Loss at intermediate hops but not the final destination is usually benign — many routers rate-limit ICMP responses (control plane policing). Only worry about loss if it persists at the final destination.

dig — DNS Debugging

bash
# Basic A record lookup
dig example.com A

# Query a specific name server
dig @8.8.8.8 example.com A

# Trace the full resolution path
dig +trace example.com A

# Show short answer only
dig +short example.com A

# Check DNSSEC validation
dig +dnssec example.com A

# Check for CNAME chains
dig +trace +nodnssec www.example.com A

# Reverse lookup
dig -x 93.184.216.34

# Check SOA (useful for determining zone authority)
dig SOA example.com

# Check NS records
dig NS example.com

# Time the query
dig example.com A | grep "Query time"

# Check TXT records (SPF, DKIM, verification)
dig TXT example.com

curl — HTTP Debugging

bash
# Verbose output showing headers and TLS info
curl -v https://api.example.com/health

# Show timing breakdown
curl -o /dev/null -s -w "\
    DNS:        %{time_namelookup}s\n\
    Connect:    %{time_connect}s\n\
    TLS:        %{time_appconnect}s\n\
    TTFB:       %{time_starttransfer}s\n\
    Total:      %{time_total}s\n\
    Size:       %{size_download} bytes\n\
    Speed:      %{speed_download} bytes/s\n" \
    https://api.example.com/health

# Resolve to specific IP (bypass DNS)
curl --resolve api.example.com:443:10.0.1.5 https://api.example.com/health

# Test with specific TLS version
curl --tlsv1.3 --tls-max 1.3 https://api.example.com/health

# Show certificate chain
curl -vvv --head https://example.com 2>&1 | grep -A 20 "Server certificate"

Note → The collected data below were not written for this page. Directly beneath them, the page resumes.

lemma block2_ampl:
  assumes "k < n" "l < n" "\<Psi> (block2 X k l) \<in> carrier_mat 2 2"
  shows "block2 (ampl n \<Psi> X) k l = \<Psi> (block2 X k l)"
proof (rule eq_matI)
  fix b b' assume "b < dim_row (\<Psi> (block2 X k l))" "b' < dim_col (\<Psi> (block2 X k l))"
  hence "b < 2" "b' < 2"
    using assms(3) by auto
  moreover have "2 * k + b < 2 * n" "2 * l + b' < 2 * n"
    using assms(1,2) \<open>b < 2\<close> \<open>b' < 2\<close> by linarith+
  ultimately show "block2 (ampl n \<Psi> X) k l $$ (b, b') = \<Psi> (block2 X k l) $$ (b, b')"
    by (simp add: block2_def ampl_def)
qed (use assms(3) in \<open>simp_all add: block2_def\<close>)

lemma block2_ketbra_append:
  assumes "\<psi> \<in> carrier_vec 2" "\<phi> \<in> carrier_vec 2"
  shows "block2 (ketbra (\<psi> @\<^sub>v \<phi>)) 0 0 = ketbra \<psi>"
    and "block2 (ketbra (\<psi> @\<^sub>v \<phi>)) 1 1 = ketbra \<phi>"
    and "trace2 (block2 (ketbra (\<psi> @\<^sub>v \<phi>)) 0 1) = cnj (braket \<psi> \<phi>)"
  using assms
  by (auto simp: block2_def ketbra_def trace2_def braket_def sum_lessThan_2)

section \<open>Bloch vectors\<close>

text \<open>The coordinates are tr (\<rho> \<sigma>x), tr (\<rho> \<sigma>y), tr (\<rho> \<sigma>z) for Hermitian \<rho>.\<close>

definition bloch :: "complex mat \<Rightarrow> real \<times> real \<times> real" where
  "bloch \<rho> = (2 * Re (\<rho> $$ (0, 1)), - 2 * Im (\<rho> $$ (0, 1)), Re (\<rho> $$ (0, 0)) - Re (\<rho> $$ (1, 1)))"

lemma braket_dim2: "v \<in> carrier_vec 2 \<Longrightarrow> braket u v = cnj (u $ 0) * v $ 0 + cnj (u $ 1) * v $ 1"
  by (simp add: braket_def sum_lessThan_2)

lemma unit_vec2_iff:
  "unit_vec2 v \<longleftrightarrow> v \<in> carrier_vec 2 \<and> (cmod (v $ 0))\<^sup>2 + (cmod (v $ 1))\<^sup>2 = 1"
proof -
  have "cnj (v $ 0) * v $ 0 + cnj (v $ 1) * v $ 1 = of_real ((cmod (v $ 0))\<^sup>2 + (cmod (v $ 1))\<^sup>2)"
    by (simp only: of_real_add complex_norm_square mult.commute)
  thus ?thesis
    unfolding unit_vec2_def by (auto simp: braket_dim2 simp del: of_real_add)
qed
lemma meet_irreducible_iff_unique_raisable:
  fixes m :: "'a::{finite,order} \<Rightarrow> int"
  assumes m: "m \<in> Inc R"
  shows "meet_irreducible (Inc R) m \<longleftrightarrow> (\<exists>!p. raisable R m p)"
proof
  assume mi: "meet_irreducible (Inc R) m"
  have "\<exists>p. raisable R m p"
    using mi raisable_if_not_top[OF m] unfolding meet_irreducible_def by blast
  moreover have "p = q" if "raisable R m p" "raisable R m q" for p q
  proof (rule ccontr)
    assume "p \<noteq> q"
    obtain v where v: "m p < v" "m(p := v) \<in> Inc R"
      using \<open>raisable R m p\<close> unfolding raisable_def by blast
    obtain w where w: "m q < w" "m(q := w) \<in> Inc R"
      using \<open>raisable R m q\<close> unfolding raisable_def by blast
    have "m = inf (m(p := v)) (m(q := w))"
      using v w \<open>p \<noteq> q\<close> by (simp add: fun_eq_iff inf_int_def)
    then have "m = m(p := v) \<or> m = m(q := w)"
      using mi v w unfolding meet_irreducible_def by blast
    then show False using v w by (metis fun_upd_same order.irrefl)
  qed
  ultimately show "\<exists>!p. raisable R m p" by blast
next
  assume "\<exists>!p. raisable R m p"
  then obtain p where p: "raisable R m p" and unique: "\<And>x. raisable R m x \<Longrightarrow> x = p" by blast
  obtain v where v: "m p < v" "m(p := v) \<in> Inc R" using p unfolding raisable_def by blast
  have "\<not> m(p := v) \<le> m" using v(1) by (auto simp: le_fun_def dest: spec[of _ p])
  moreover have "m = y \<or> m = z" if "y \<in> Inc R" "z \<in> Inc R" "m = inf y z" for y z
  proof -
    have "y p \<le> m p \<or> z p \<le> m p" using \<open>m = inf y z\<close> by (auto simp: inf_fun_def)
    then have "y \<le> m \<or> z \<le> m" using le_if_unique_raisable[OF m unique] that by blast
    moreover have "m \<le> y" "m \<le> z" using \<open>m = inf y z\<close> by simp_all
    ultimately show ?thesis by (auto intro: order.antisym)
  qed
  ultimately show "meet_irreducible (Inc R) m"
    using m v(2) unfolding meet_irreducible_def by blast
qed

lemma raisable_less_Max:
  assumes "restriction R" "raisable R m p"
  shows "m p < Max (R p)"
proof -
  obtain v where "m p < v" "m(p := v) \<in> Inc R" using assms(2) unfolding raisable_def by blast
  then show ?thesis using restriction_Min_Max(4)[OF assms(1), of v p] Inc_in_R[of "m(p := v)" R p] by simp
qed

lemma finite_sup_closed_has_greatest:
  fixes S :: "'b::semilattice_sup set"
  assumes "finite S" "S \<noteq> {}" and closed: "\<And>x y. x \<in> S \<Longrightarrow> y \<in> S \<Longrightarrow> sup x y \<in> S"
  obtains m where "m \<in> S" "\<And>f. f \<in> S \<Longrightarrow> f \<le> m"
proof -
  obtain m where m: "m \<in> S" and max: "\<And>f. f \<in> S \<Longrightarrow> m \<le> f \<Longrightarrow> m = f"
    using finite_has_maximal[OF assms(1,2)] by blast
  have "f \<le> m" if "f \<in> S" for f
    using max[of "sup m f"] closed[OF m that] by (metis sup.cobounded1 sup.cobounded2)
  then show thesis using m that by blast
qed

lemma Inc_with_value_and_top_above:
  fixes R :: "'a::{finite,order} \<Rightarrow> int set"
  assumes R: "restriction R" "consistent R" and k: "k \<in> R p"
  shows "\<exists>f\<in>Inc R. f p = k \<and> (\<forall>y. p < y \<longrightarrow> f y = Max (R y))"
proof -
  define f where "f y = (if y = p then k else if p < y then Max (R y) else Min (R y))" for y
  note MinMax = restriction_Min_Max[OF R(1)]
  have "f \<in> Inc R"
  proof (rule IncI)
    fix y
    show "f y \<in> R y" using MinMax k by (simp add: f_def)
  next
    fix x y :: 'a
    assume "x < y"
    note less = consistent_Min_less[OF R(2) \<open>x < y\<close>] consistent_Max_less[OF R(2) \<open>x < y\<close>]
    show "f x < f y"
    proof (cases "x = p \<or> p < x")
      case True
      then have "p < y" using \<open>x < y\<close> by auto
      then show ?thesis
        using True less MinMax(4)[OF k] consistent_Max_less[OF R(2) \<open>p < y\<close>] by (auto simp: f_def)
    next
      case False
      then have "y = p \<Longrightarrow> x < p" using \<open>x < y\<close> by simp
      then show ?thesis
        using False less MinMax(3)[OF k] MinMax(3)[OF MinMax(2)[of y]] consistent_Min_less[OF R(2), of x p]
        by (auto simp: f_def)
    qed
  qed
  then show ?thesis by (intro bexI[of _ f]) (auto simp: f_def)
qed

lemma Inc_has_greatest_below:
  fixes R :: "'a::{finite,order} \<Rightarrow> int set"
  assumes "restriction R" "consistent R" "k \<in> R p"
  obtains m where "m \<in> Inc R" "m p \<le> k" "\<And>f. f \<in> Inc R \<Longrightarrow> f p \<le> k \<Longrightarrow> f \<le> m"
proof (rule finite_sup_closed_has_greatest[of "{f \<in> Inc R. f p \<le> k}"])
  show "finite {f \<in> Inc R. f p \<le> k}" using finite_Inc[OF assms(1)] by simp
  show "{f \<in> Inc R. f p \<le> k} \<noteq> {}" using Inc_with_value_and_top_above[OF assms] by force
  show "sup f g \<in> {f \<in> Inc R. f p \<le> k}" if "f \<in> {f \<in> Inc R. f p \<le> k}" "g \<in> {f \<in> Inc R. f p \<le> k}" for f g
    using that Inc_sup[of f R g] by simp
qed (use that in blast)
(* Assume the standing hypotheses in the context. Consider, in a front tracking solution, a family of parallel contact discontinuities $\sigma_\alpha$, $\alpha=1,\dots,N$, of a linearly degenerate family $i$, and a single front $\sigma$ of a family $k\neq i$ which interacts with all of them. Let $\xi_\alpha$, $\xi$ be their shift rates before the interactions and $\xi_\alpha'$, $\xi'$ after, and assume $\xi_\alpha=\bar\xi$ for all $\alpha$. Let $\bar\Lambda$, $\Lambda$ be the speeds of the $\sigma_\alpha$ and of $\sigma$ before interaction and $\bar\Lambda'$, $\Lambda'$ their speeds after interaction. Then after the interactions all $\xi_\alpha'$ have the same value $\bar\xi'$ and $$\xi_\alpha'=\bar\xi'=\frac{\bar\xi(\bar\Lambda'-\Lambda)-\xi(\bar\Lambda'-\bar\Lambda)}{\Lambda-\bar\Lambda},\qquad \xi'=\frac{\bar\xi(\Lambda'-\Lambda)-\xi(\bar\Lambda'-\bar\Lambda)}{\Lambda-\bar\Lambda}.$$
   Context: Setting: $u_t+f(u)_x=0$ with $f:\Omega\to\mathbb{R}^n$ smooth, $\Omega\subseteq\mathbb{R}^n$ open, eigenvalues $\lambda_1<\dots<\lambda_n$ of $Df$ with right eigenvectors $r_i$. Standing assumptions: (H1) each field genuinely nonlinear ($r_i\bullet\lambda_i\neq0$) or linearly degenerate ($r_i\bullet\lambda_i\equiv0$); (H2) rarefaction curves form Riemann coordinates $w=(w_1,\dots,w_n)$; (H3) shock and rarefaction curves coincide; $E=\{u\in\Omega:w_i(u)\in[a_i,b_i]\}$ compact and uniformly strictly hyperbolic. Front tracking solution with parameter $\nu$: piecewise constant solution with values in $E^\nu=\{u\in E:w_i(u)\in2^{-\nu}\mathbb{Z}\}$ obtained by solving Riemann problems $[u^-,u^+]$ (split along $\omega_i=(w_1(u^+),\dots,w_i(u^+),w_{i+1}(u^-),\dots,w_n(u^-))$) with contact discontinuities of speed $\lambda_i$ for linearly degenerate fields, shocks with Rankine–Hugoniot speed, and rarefaction fronts with $w_i$-jump $2^{-\nu}$, and tracking interactions. Shift rates: if the initial jumps at $y_\alpha$ are moved to $y_\alpha+\theta\xi_\alpha$, each front at $x_\beta(t)$ of the original solution moves to $x_\beta(t)+\theta\xi_\beta(t)+o(\theta)$ in the perturbed front tracking solution; $\xi_\beta$ is the shift rate of that front. *)

theory Defs
  imports "HOL-Analysis.Analysis"
begin

text \<open>Shift rate: in the perturbed front tracking solution (perturbation parameter
  theta) a front sits at position x theta = x 0 + theta * xi + o(theta), i.e. xi is the
  derivative at theta = 0 of its position.\<close>
definition shift_rate :: "(real \<Rightarrow> real) \<Rightarrow> real \<Rightarrow> bool" where
  "shift_rate x xi \<longleftrightarrow> (x has_real_derivative xi) (at 0)"

end

theory Submission
  imports Defs
begin

text \<open>Each interaction time \<open>tau a\<close> is the time at which the current line of the front
  crosses the line of the \<open>a\<close>-th contact. Differentiating the crossing condition, the first
  interaction point moves with velocity \<open>(t', X')\<close>, where \<open>t' = (xib - xi) / (lam 0 - Lb)\<close> and
  \<open>X' = xib + Lb * t' = xi + lam 0 * t'\<close>. Since the contacts are parallel and share the shift
  rate \<open>xib\<close>, the new line of the front through the shifted interaction point meets the next
  shifted contact line again at the point shifted by \<open>(t', X')\<close>; by induction every interaction
  point has the shift rate \<open>(t', X')\<close>. After its interaction each front moves on a line of speed
  \<open>c\<close> through its interaction point, hence has shift rate \<open>X' - c * t'\<close>.\<close>

lemma has_real_derivative_eventually_affine:
  fixes y p s :: "real \<Rightarrow> real"
  assumes "\<forall>\<^sub>F \<theta> in nhds x. y \<theta> = p \<theta> + c * s \<theta>"
    and "(p has_real_derivative p') (at x)" and "(s has_real_derivative s') (at x)"
  shows "(y has_real_derivative p' + c * s') (at x)"
proof -
  have "((\<lambda>\<theta>. p \<theta> + c * s \<theta>) has_real_derivative p' + c * s') (at x)"
    using assms(2,3) by (auto intro!: derivative_eq_intros)
  then show ?thesis
    using DERIV_cong_ev[OF refl assms(1) refl] by simp
qed

lemma crossing_time_has_real_derivative:
  fixes s p q :: "real \<Rightarrow> real"
  assumes cross: "\<forall>\<^sub>F \<theta> in nhds x. p \<theta> + c * s \<theta> = q \<theta> + d * s \<theta>"
    and "c \<noteq> d"
    and "(p has_real_derivative p') (at x)" and "(q has_real_derivative q') (at x)"
  shows "(s has_real_derivative (p' - q') / (d - c)) (at x)"
proof -
  have solved: "\<forall>\<^sub>F \<theta> in nhds x. s \<theta> = (p \<theta> - q \<theta>) / (d - c)"
    using cross by eventually_elim (use \<open>c \<noteq> d\<close> in \<open>auto simp: field_simps\<close>)
  have "((\<lambda>\<theta>. (p \<theta> - q \<theta>) / (d - c)) has_real_derivative (p' - q') / (d - c)) (at x)"
    using assms(2-4) by (auto intro!: derivative_eq_intros)
  then show ?thesis
    using DERIV_cong_ev[OF refl solved refl] by simp
qed

locale parallel_contacts_crossing =
  fixes N :: nat
    and xc :: "nat \<Rightarrow> real \<Rightarrow> real \<Rightarrow> real"
    and xs :: "real \<Rightarrow> real \<Rightarrow> real"
    and tau :: "nat \<Rightarrow> real \<Rightarrow> real"
    and lam :: "nat \<Rightarrow> real"
    and Lb xib xi \<delta> :: real
  assumes N: "N \<ge> 1"
    and delta: "\<delta> > 0"
    and noncoinc: "\<And>a. a < N \<Longrightarrow> lam a \<noteq> Lb"
    and order0: "\<And>\<theta>. \<bar>\<theta>\<bar> < \<delta> \<Longrightarrow> 0 < tau 0 \<theta>"
    and order: "\<And>\<theta> a. \<bar>\<theta>\<bar> < \<delta> \<Longrightarrow> Suc a < N \<Longrightarrow> tau a \<theta> < tau (Suc a) \<theta>"
    and contact_before: "\<And>\<theta> a t. \<bar>\<theta>\<bar> < \<delta> \<Longrightarrow> a < N \<Longrightarrow> 0 \<le> t \<Longrightarrow> t \<le> tau a \<theta> \<Longrightarrow>
        xc a \<theta> t = xc a \<theta> 0 + Lb * t"
    and front_first: "\<And>\<theta> t. \<bar>\<theta>\<bar> < \<delta> \<Longrightarrow> 0 \<le> t \<Longrightarrow> t \<le> tau 0 \<theta> \<Longrightarrow>
        xs \<theta> t = xs \<theta> 0 + lam 0 * t"
    and front_mid: "\<And>\<theta> a t. \<bar>\<theta>\<bar> < \<delta> \<Longrightarrow> Suc a < N \<Longrightarrow> tau a \<theta> \<le> t \<Longrightarrow> t \<le> tau (Suc a) \<theta> \<Longrightarrow>
        xs \<theta> t = xs \<theta> (tau a \<theta>) + lam (Suc a) * (t - tau a \<theta>)"
    and meet: "\<And>\<theta> a. \<bar>\<theta>\<bar> < \<delta> \<Longrightarrow> a < N \<Longrightarrow> xs \<theta> (tau a \<theta>) = xc a \<theta> (tau a \<theta>)"
    and rate_contacts: "\<And>a. a < N \<Longrightarrow> shift_rate (\<lambda>\<theta>. xc a \<theta> 0) xib"
    and rate_front: "shift_rate (\<lambda>\<theta>. xs \<theta> 0) xi"
begin

definition interaction_time_rate :: real where
  "interaction_time_rate = (xib - xi) / (lam 0 - Lb)"

lemma lam0_neq_Lb: "lam 0 \<noteq> Lb"
  using noncoinc N by simp

lemma eventually_small_parameter: "\<forall>\<^sub>F \<theta> in nhds 0. \<bar>\<theta>\<bar> < \<delta>"
  using delta by (auto simp: eventually_nhds_metric dist_real_def)

lemma tau_mono:
  assumes "a \<le> b" "b < N" "\<bar>\<theta>\<bar> < \<delta>"
  shows "tau a \<theta> \<le> tau b \<theta>"
  using assms
proof (induction b rule: dec_induct)
  case (step b)
  then show ?case using order[of \<theta> b] by force
qed simp

lemma tau_pos: "a < N \<Longrightarrow> \<bar>\<theta>\<bar> < \<delta> \<Longrightarrow> 0 < tau a \<theta>"
  using tau_mono[of 0 a \<theta>] order0[of \<theta>] by simp

lemma interaction_point_on_contact:
  assumes "a < N" "\<bar>\<theta>\<bar> < \<delta>"
  shows "xs \<theta> (tau a \<theta>) = xc a \<theta> 0 + Lb * tau a \<theta>"
  using meet[OF assms(2,1)] contact_before[OF assms(2,1) less_imp_le[OF tau_pos[OF assms]] order_refl]
  by (rule trans)

lemma first_interaction:
  assumes "\<bar>\<theta>\<bar> < \<delta>"
  shows "xc 0 \<theta> 0 + Lb * tau 0 \<theta> = xs \<theta> 0 + lam 0 * tau 0 \<theta>"
proof -
  have "0 < N" using N by simp
  from interaction_point_on_contact[OF this assms]
    front_first[OF assms less_imp_le[OF order0[OF assms]] order_refl]
  show ?thesis by linarith
qed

# Follow redirects with verbose
curl -Lv https://example.com

# Test with specific HTTP version
curl --http2 https://api.example.com/health

# Connect timeout vs transfer timeout
curl --connect-timeout 5 --max-time 30 https://api.example.com/slow-endpoint

openssl — TLS Debugging

bash
# Connect and show full certificate chain
openssl s_client -connect example.com:443 -showcerts

# Test specific TLS version
openssl s_client -connect example.com:443 -tls1_3

# Check certificate expiration
echo | openssl s_client -connect example.com:443 2>/dev/null | \
  openssl x509 -noout -dates

# Verify certificate chain
openssl verify -CAfile /etc/ssl/certs/ca-certificates.crt cert.pem

# Show certificate details
openssl x509 -in cert.pem -noout -text

# Test ALPN negotiation
openssl s_client -connect example.com:443 -alpn h2,http/1.1

# Test SNI
openssl s_client -connect example.com:443 -servername example.com

# Check OCSP stapling
openssl s_client -connect example.com:443 -status

Debugging Methodology

The Systematic Approach

Common Debugging Scenarios

Scenario 1: Connection Timeouts

typescript
interface TimeoutDiagnosis {
  symptom: string;
  checks: string[];
  likelyCauses: string[];
  commands: string[];
}

const connectionTimeout: TimeoutDiagnosis = {
  symptom: 'Connection to service times out',
  checks: [
    '1. Can you ping the host? (L3 reachability)',
    '2. Can you connect to the port? (nc -zv host port)',
    '3. Is the service listening? (ss -tlnp on target)',
    '4. Is there a firewall? (iptables -L -n)',
    '5. Is TCP handshake completing? (tcpdump SYN/SYN-ACK)',
    '6. Is there packet loss? (mtr --report host)',
  ],
  likelyCauses: [
    'Firewall blocking the port',
    'Service not running or not bound to correct interface',
    'Security group / Network ACL misconfiguration',
    'Route table missing or incorrect',
    'Source NAT exhaustion (ephemeral port exhaustion)',
    'TCP backlog full (SYN queue overflow)',
  ],
  commands: [
    'ss -tlnp | grep <port>',
    'tcpdump -i any "tcp port <port> and tcp[tcpflags] & (tcp-syn) != 0"',
    'iptables -L -n -v | grep <port>',
    'ip route get <dest_ip>',
    'cat /proc/sys/net/ipv4/ip_local_port_range',
    'ss -tn state syn-sent | wc -l',
  ],
};

Scenario 2: Intermittent 502/503 Errors

bash
# Check if backend is returning errors
tcpdump -i eth0 -A port 80 | grep -i "HTTP/1.1 5"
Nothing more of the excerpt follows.